━━ Material to process

definition ridge :: "real \<Rightarrow> real^'m^'n \<Rightarrow> real^'n \<Rightarrow> real^'m" where
  "ridge lam X Y = matrix_inv (transpose X ** X + lam *\<^sub>R mat 1) *v (transpose X *v Y)"

definition theta_hat :: "real \<Rightarrow> real^'m^'n \<Rightarrow> real^'n \<Rightarrow> real^'m \<Rightarrow> real \<Rightarrow> real^'m" where
  "theta_hat lam X Y x y =
     ridge lam X Y +
     (y - x \<bullet> ridge lam X Y) *\<^sub>R
       (matrix_inv (transpose (append_row X x) ** append_row X x + lam *\<^sub>R mat 1) *v x)"

end

theory Submission
  imports Defs
begin

(* With B = X^T X + lam I, the Sherman-Morrison formula shows that the residual y - x^T theta_hat
   of the genie is the ridge residual y - x^T theta_N divided by 1 + x^T B^-1 x, so the likelihood
   is at most the claimed Gaussian once 1 + x^T B^-1 x <= K0 + |x_perp|^2 / lam.  For the latter
   write x = B u, w = X u and g = (X X^T)^-1 w: then x^T B^-1 x, x^T X^+ X^+T x and |x_perp|^2
   are explicit quadratic expressions in u, w, g, and the two sides differ by
   lam w^T g + lam^2 g^T g >= 0. *)

declare transpose_matrix_vector [simp del]

lemma inner_matrix_vector_transpose:
  fixes A :: "real^'n^'m"
  shows "(A *v a) \<bullet> b = a \<bullet> (transpose A *v b)"
  by (metis dot_lmul_matrix vector_transpose_matrix)

lemma inner_mult_transpose_self:
  fixes P :: "real^'n^'m"
  shows "x \<bullet> ((P ** transpose P) *v x) = (transpose P *v x) \<bullet> (transpose P *v x)"
  by (simp add: matrix_vector_mul_assoc [symmetric] inner_matrix_vector_transpose inner_commute)

lemma invertible_iff_kernel_trivial:
  fixes A :: "'a::field^'n^'n"
  shows "invertible A \<longleftrightarrow> (\<forall>z. A *v z = 0 \<longrightarrow> z = 0)"
  by (simp add: invertible_left_inverse matrix_left_invertible_ker)

lemma matrix_inv_left:
  fixes A :: "'a::field^'n^'n"
  assumes "invertible A"
  shows "matrix_inv A ** A = mat 1"
  using assms unfolding invertible_def matrix_inv_def by (rule someI2_ex) blast

lemma matrix_inv_right:
  fixes A :: "'a::field^'n^'n"
  assumes "invertible A"
  shows "A ** matrix_inv A = mat 1"
  using assms unfolding invertible_def matrix_inv_def by (rule someI2_ex) blast

lemma matrix_inv_mult_vector_cancel:
  fixes A :: "'a::field^'n^'n"
  assumes "invertible A"
  shows "matrix_inv A *v (A *v z) = z" and "A *v (matrix_inv A *v z) = z"
  by (simp_all add: matrix_vector_mul_assoc matrix_inv_left matrix_inv_right assms)

lemma matrix_inv_unique:
  fixes A B :: "'a::field^'n^'n"
  assumes "B ** A = mat 1"
  shows "matrix_inv A = B"
proof -
  have "invertible A"
    using assms invertible_left_inverse by blast
  then have "matrix_inv A = (B ** A) ** matrix_inv A"
    by (simp add: assms)
  also have "\<dots> = B"
    by (simp add: matrix_mul_assoc [symmetric] matrix_inv_right \<open>invertible A\<close>)
  finally show ?thesis .
qed

lemma matrix_inv_symmetric:
  fixes A :: "'a::field^'n^'n"
  assumes "invertible A" and "transpose A = A"
  shows "transpose (matrix_inv A) = matrix_inv A"
proof -
  have "transpose (matrix_inv A) ** A = mat 1"
    using matrix_inv_right [OF assms(1)] assms(2) by (metis matrix_transpose_mul transpose_mat)
  then show ?thesis
    by (rule matrix_inv_unique [symmetric])
qed

lemma inner_gram_ridge:
  fixes X :: "real^'m^'n"
  shows "z \<bullet> ((transpose X ** X + lam *\<^sub>R mat 1) *v z) = (X *v z) \<bullet> (X *v z) + lam * (z \<bullet> z)"
  by (simp add: matrix_vector_mult_add_rdistrib scaleR_matrix_vector_assoc [symmetric]
      matrix_vector_mul_assoc [symmetric] inner_add_right inner_matrix_vector_transpose inner_commute)

lemma invertible_gram_ridge:
  fixes X :: "real^'m^'n"
  assumes "lam > 0"
  shows "invertible (transpose X ** X + lam *\<^sub>R mat 1)"
  unfolding invertible_iff_kernel_trivial
proof (intro allI impI)
  fix z assume "(transpose X ** X + lam *\<^sub>R mat 1) *v z = 0"
  then have "(X *v z) \<bullet> (X *v z) + lam * (z \<bullet> z) = 0"
    by (metis inner_gram_ridge inner_zero_right)
  with assms show "z = 0"
    by (smt (verit) inner_ge_zero inner_eq_zero_iff mult_pos_pos)
qed

lemma inner_matrix_inv_gram_ridge_nonneg:
  fixes X :: "real^'m^'n"
  assumes "lam > 0"
  shows "0 \<le> x \<bullet> (matrix_inv (transpose X ** X + lam *\<^sub>R mat 1) *v x)"
proof -
  define B where "B = transpose X ** X + lam *\<^sub>R mat 1"
  define u where "u = matrix_inv B *v x"
  have "B *v u = x"
    using invertible_gram_ridge [OF assms, of X] by (simp add: u_def B_def matrix_inv_mult_vector_cancel)
  then have "u \<bullet> x = (X *v u) \<bullet> (X *v u) + lam * (u \<bullet> u)"
    using inner_gram_ridge [of u X lam] by (simp add: B_def)
  with assms have "0 \<le> u \<bullet> x"
    by simp
  then show ?thesis
    by (simp add: u_def B_def inner_commute)
qed

lemma invertible_gram_full_row_rank:
  fixes X :: "real^'m^'n"
  assumes "rank X = CARD('n)"
  shows "invertible (X ** transpose X)"
  unfolding invertible_iff_kernel_trivial
proof (intro allI impI)
  have inj: "inj ((*v) (transpose X))"
    using assms full_rank_injective rank_transpose by metis
  fix z assume "(X ** transpose X) *v z = 0"
  then have "(transpose X *v z) \<bullet> (transpose X *v z) = 0"
    by (metis inner_matrix_vector_transpose inner_zero_right matrix_vector_mul_assoc transpose_transpose)
  then show "z = 0"
    using inj by (metis inner_eq_zero_iff inj_eq matrix_vector_mult_0_right)
qed

lemma gram_append_row_mult_vector:
  fixes X :: "real^'m^'n"
  shows "(transpose (append_row X x) ** append_row X x) *v z = (transpose X ** X) *v z + (x \<bullet> z) *\<^sub>R x"
  by (simp add: append_row_def vec_eq_iff matrix_vector_mult_def matrix_matrix_mult_def transpose_def
      UNIV_option_conv sum_distrib_left sum_distrib_right inner_vec_def algebra_simps sum.reindex sum.distrib)

text \<open>Sherman--Morrison: \<open>v = (B + x x\<^sup>T)\<inverse> x\<close> is \<open>B\<inverse> x\<close> scaled by \<open>1 / (1 + x\<^sup>T B\<inverse> x)\<close>.\<close>
lemma rank_one_update_solution:
  fixes B :: "real^'n^'n"
  assumes "invertible B" and "B *v v + (x \<bullet> v) *\<^sub>R x = x"
  shows "(1 + x \<bullet> (matrix_inv B *v x)) * (1 - x \<bullet> v) = 1"
proof -
  have "B *v v = (1 - x \<bullet> v) *\<^sub>R x"
    using assms(2) by (simp add: algebra_simps)
  then have "v = (1 - x \<bullet> v) *\<^sub>R (matrix_inv B *v x)"
    by (metis assms(1) matrix_inv_mult_vector_cancel(1) matrix_vector_mult_scaleR)
  then have "x \<bullet> v = (1 - x \<bullet> v) * (x \<bullet> (matrix_inv B *v x))"
    by (metis inner_scaleR_right)
  then show ?thesis
    by (simp add: algebra_simps)
qed

lemma residual_theta_hat:
  fixes X :: "real^'m^'n"
  assumes "lam > 0"
  shows "y - x \<bullet> theta_hat lam X Y x y
    = (y - x \<bullet> ridge lam X Y) / (1 + x \<bullet> (matrix_inv (transpose X ** X + lam *\<^sub>R mat 1) *v x))"
proof -
  define B where "B = transpose X ** X + lam *\<^sub>R mat 1"
  define A where "A = transpose (append_row X x) ** append_row X x + lam *\<^sub>R mat 1"
  define v where "v = matrix_inv A *v x"
  have "A *v v = x"
    using invertible_gram_ridge [OF assms, of "append_row X x"]
    by (simp add: A_def v_def matrix_inv_mult_vector_cancel)
  then have "B *v v + (x \<bullet> v) *\<^sub>R x = x"
    by (simp add: A_def B_def matrix_vector_mult_add_rdistrib gram_append_row_mult_vector algebra_simps)
  then have "(1 + x \<bullet> (matrix_inv B *v x)) * (1 - x \<bullet> v) = 1"
    using invertible_gram_ridge [OF assms, of X] by (simp add: B_def rank_one_update_solution)
  then have "1 - x \<bullet> v = 1 / (1 + x \<bullet> (matrix_inv B *v x))"
    by (metis mult_zero_left nonzero_mult_div_cancel_left zero_neq_one)
  moreover have "y - x \<bullet> theta_hat lam X Y x y = (y - x \<bullet> ridge lam X Y) * (1 - x \<bullet> v)"
    by (simp add: theta_hat_def A_def v_def inner_add_right algebra_simps)
  ultimately show ?thesis
    by (simp add: B_def)
qed

lemma gauss_lik_le:
  assumes "\<sigma>2 > 0" and "r\<^sup>2 \<le> (y - x \<bullet> \<theta>)\<^sup>2"
  shows "gauss_lik \<sigma>2 \<theta> x y \<le> 1 / sqrt (2 * pi * \<sigma>2) * exp (- (r\<^sup>2 / (2 * \<sigma>2)))"
  using assms unfolding gauss_lik_def by (simp add: divide_right_mono)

━━━━

**Brief:** Take the records above and return, word for word, only the lines that fall from the line with "by (simp add: invertible_left_inverse" to the line with "(matrix_inv A *v", both of them included.

**Response to the task:**
  by (simp add: invertible_left_inverse matrix_left_invertible_ker)

lemma matrix_inv_left:
  fixes A :: "'a::field^'n^'n"
  assumes "invertible A"
  shows "matrix_inv A ** A = mat 1"
  using assms unfolding invertible_def matrix_inv_def by (rule someI2_ex) blast

lemma matrix_inv_right:
  fixes A :: "'a::field^'n^'n"
  assumes "invertible A"
  shows "A ** matrix_inv A = mat 1"
  using assms unfolding invertible_def matrix_inv_def by (rule someI2_ex) blast

lemma matrix_inv_mult_vector_cancel:
  fixes A :: "'a::field^'n^'n"
  assumes "invertible A"
  shows "matrix_inv A *v (A *v z) = z" and "A *v (matrix_inv A *v z) = z"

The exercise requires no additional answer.